Gina actually laughs, lowering herself down to the step again.
“You don’t need Carlos to tell you how to move. He bites other people’s styles.” She pauses, looks him up and down and smirks. “You have your own.”
Warmth starts to creep up Ricky’s neck and he turns away before she can see the pink in his cheeks, putting his helmet on and continuing his descent, determinedly not looking back.
The idea is laughable to Ricky—that he could actually bring something to the play. He’s a skater, not a theater person, and clearly that’s the way things should stay, Gina’s theory of outsiders be damned.
And yet, ridiculous as they are, her words don’t leave his head as he skates. What if it could be true? What if he could actually find a way to make this work—learn the steps, hit the counts, play the role somehow? He’d probably have to stay up all night practicing to get even a fraction of the dance down, but what if he did just that? What if he could prove to Nini that he wouldn’t quit on this, so she’d realize he wouldn’t quit on them?
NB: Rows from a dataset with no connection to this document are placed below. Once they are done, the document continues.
lemma excess_bound_le:
  fixes t T :: real
  assumes "0 \<le> t" "t \<le> T" "T \<le> 1"
  shows "excess_bound t \<le> 1.0988 * (T * (2 - T) / (3 - T)) + 0.3416 * (2 * T - T\<^sup>2)"
proof -
  have "0 \<le> (T - t) * (6 - 3 * (T + t) + T * t)"
    using assms by (intro mult_nonneg_nonneg) auto
  then have "t * (2 - t) * (3 - T) \<le> T * (2 - T) * (3 - t)"
    by (simp add: algebra_simps)
  then have "t * (2 - t) / (3 - t) \<le> T * (2 - T) / (3 - T)"
    using assms by (simp add: divide_simps)
  moreover have "0 \<le> t * (2 - t) / (3 - t)"
    using assms by simp
  ultimately have "ln 3 * (t * (2 - t) / (3 - t)) \<le> 1.0988 * (T * (2 - T) / (3 - T))"
    using ln_3_bounds(2) by (intro mult_mono) auto
  moreover have "0 \<le> (T - t) * (2 - T - t)"
    using assms by (intro mult_nonneg_nonneg) auto
  then have "2 * t - t\<^sup>2 \<le> 2 * T - T\<^sup>2"
    by (simp add: algebra_simps power2_eq_square)
  then have "0.3416 * (2 * t - t\<^sup>2) \<le> 0.3416 * (2 * T - T\<^sup>2)"
    by simp
  ultimately show ?thesis
    unfolding excess_bound_def by linarith
qed

lemma zeta_gap_bound_ge:
  fixes u b t T :: real
  assumes "0 \<le> u" "u \<le> b" "0 \<le> t" "t \<le> T"
  shows "1 + T * ((1 - b * 1.0988) / 3 - 1.6096 / 2) \<le> zeta_gap_bound u t"
proof -
  have "u * ln 3 \<le> b * 1.0988"
    using assms ln_3_bounds(2) by (intro mult_mono) auto
  then have "(1 - b * 1.0988) / 3 - 1.6096 / 2 \<le> (1 - u * ln 3) / 3 - ln 5 / 2"
    using ln_small_primes_le(1) by (simp add: field_simps)
  moreover have "(1 - b * 1.0988) / 3 - 1.6096 / 2 \<le> 0"
    using assms by simp
  ultimately have "T * ((1 - b * 1.0988) / 3 - 1.6096 / 2) \<le> t * ((1 - u * ln 3) / 3 - ln 5 / 2)"
    using assms by (meson mult_left_mono mult_right_mono_neg order_trans)
  moreover have "t * ((1 - u * ln 3) / 3 - ln 5 / 2) = t / 3 * (1 - u * ln 3) - t * ln 5 / 2"
    by (simp add: field_simps)
  ultimately show ?thesis
    unfolding zeta_gap_bound_def by linarith
qed

(* By three_powr_neg_le_Taylor the third conjunct gives 3 powr -u <= T for all u in [a, b]; the last
   one is the numerical inequality with u, t, ln 3, ln 5 replaced by their worst cases b, T, 1.0988,
   1.6096. *)
definition interval_certificate :: "real \<Rightarrow> real \<Rightarrow> real \<Rightarrow> bool" where
  "interval_certificate a b T \<longleftrightarrow> 0 \<le> a \<and> T \<le> 1 \<and> 1 / (\<Sum>m<6. (a * 0.2745) ^ m / fact m) ^ 4 \<le> T
    \<and> (b + b * T / 3 + T / 2) * (1.0988 * (T * (2 - T) / (3 - T)) + 0.3416 * (2 * T - T\<^sup>2))
        \<le> 1 + T * ((1 - b * 1.0988) / 3 - 1.6096 / 2)"

lemma interval_certificate_sound:
  fixes a b T u :: real
  assumes "interval_certificate a b T" "a \<le> u" "u \<le> b"
  shows "(u + u * 3 powr (- u) / 3 + 3 powr (- u) / 2) * excess_bound (3 powr (- u))
    \<le> zeta_gap_bound u (3 powr (- u))"
proof -
  define t where "t = (3::real) powr (- u)"
  have cert: "0 \<le> a" "T \<le> 1" "3 powr (- a) \<le> T"
    "(b + b * T / 3 + T / 2) * (1.0988 * (T * (2 - T) / (3 - T)) + 0.3416 * (2 * T - T\<^sup>2))
      \<le> 1 + T * ((1 - b * 1.0988) / 3 - 1.6096 / 2)"
    using assms(1) three_powr_neg_le_Taylor[of a] unfolding interval_certificate_def by auto
  have "3 powr (- u) \<le> 3 powr (- a)"
    using assms(2) by (intro powr_mono) auto
  then have t: "0 < t" "t \<le> T"
    using order_trans[OF _ cert(3)] by (auto simp: t_def)
  have "0 \<le> excess_bound t"
    using t cert(2) by (intro excess_bound_nonneg) auto
  moreover have "u + u * t / 3 + t / 2 \<le> b + b * T / 3 + T / 2"
    using assms(2,3) cert(1) t mult_mono[of u b t T] by simp
  moreover have "excess_bound t \<le> 1.0988 * (T * (2 - T) / (3 - T)) + 0.3416 * (2 * T - T\<^sup>2)"
    using t cert(2) by (intro excess_bound_le) auto
  moreover have "0 \<le> u + u * t / 3 + t / 2"
    using assms(2) cert(1) t by simp
  ultimately have "(u + u * t / 3 + t / 2) * excess_bound t
      \<le> (b + b * T / 3 + T / 2) * (1.0988 * (T * (2 - T) / (3 - T)) + 0.3416 * (2 * T - T\<^sup>2))"
    by (intro mult_mono) auto
  also have "\<dots> \<le> zeta_gap_bound u t"
    using cert(4) zeta_gap_bound_ge[of u b t T] assms(2,3) cert(1) t by linarith
  finally show ?thesis
    by (simp add: t_def)
qed
(* Let $C'$ be a generic smooth non-hyperelliptic curve of genus $3$ over $\mathbb{C}$. Let $L'_1\subsetneq L'_2\subsetneq L'_3$ and $\tilde L_1\subsetneq\tilde L_2\subsetneq\tilde L_3$ be two full isotropic flags in $\mathrm{Jac}(C')[2]$ (so $|L'_k|=|\tilde L_k|=2^k$ and $L'_3,\tilde L_3$ are maximal isotropic) such that $\tilde L_1\oplus L'_3={L'_2}^{\perp}$, $\tilde L_2\oplus L'_3={L'_1}^{\perp}$ and $\tilde L_3\oplus L'_3=\mathrm{Jac}(C')[2]$. Let $\alpha'$ be the nonzero element of $L'_1$. Then for every subgroup $H\subset\tilde L_3$ of order $4$: $\#(\Gamma_H\cap\Sigma_{\alpha'})=0$ if $H=\tilde L_2$, and $\#(\Gamma_H\cap\Sigma_{\alpha'})=2$ otherwise.
   Context: $\mathrm{Jac}(C')[2]\cong\mathbb{F}_2^6$ carries the Weil pairing $\langle\cdot,\cdot\rangle$, a nondegenerate symplectic form; for a subgroup $G$, $G^\perp=\{a:\langle a,g\rangle=0\ \forall g\in G\}$. A theta characteristic is a divisor class $\theta$ with $2\theta=K_{C'}$, odd if $h^0(\theta)$ is odd. For nonzero $\gamma$, the Steiner system $\Sigma_\gamma$ is the set of odd theta characteristics $\theta$ with $\theta+\gamma$ odd. For an isotropic subgroup $H$ of order $4$, $\Gamma_H$ denotes the set of odd theta characteristics $\theta$ such that $\theta+h$ is odd for all $h\in H$ (a set of the form $\{\theta_0+h: h\in H\}$ with four elements). *)

theory Defs
  imports Main
begin

text \<open>The group Jac(C')[2] is an elementary abelian 2-group of
order 64 (type 'v); the Weil pairing is a map w into F_2 = bool (addition in F_2 is
exclusive or, i.e. inequality on bool).  Theta characteristics form a torsor (type 't)
under Jac(C')[2] via the action act theta a = theta + a, and is_odd is the parity of h^0.\<close>

definition elem2_group :: "'v::ab_group_add itself \<Rightarrow> bool" where
  "elem2_group _ \<longleftrightarrow> (\<forall>a::'v. a + a = 0)"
What if he could actually matter?
When Ricky gets home that night, he plants himself in front of the TV and puts on HSM, skipping straight to the last dance sequence. It takes several hours of tripping over his feet and accidentally hitting himself, but eventually the moves finally start to stick. And when his dad joins him in the living room, even getting up to try it out himself, the both of them cracking up, it feels like things might actually get to the point of being okay.
(Ricky showcases his brand new, Carlos-approved moves at rehearsal the next day, and although nobody is wowed by the level of skill he’s displaying, he still feels pretty good.
“I don’t know what made you change your mind, but I am so glad you didn’t quit,” Carlos says to him. Ricky glances past him, over his shoulder. His eyes find Gina, already looking at him. The corners of her lips quirk slightly. He looks back to Carlos.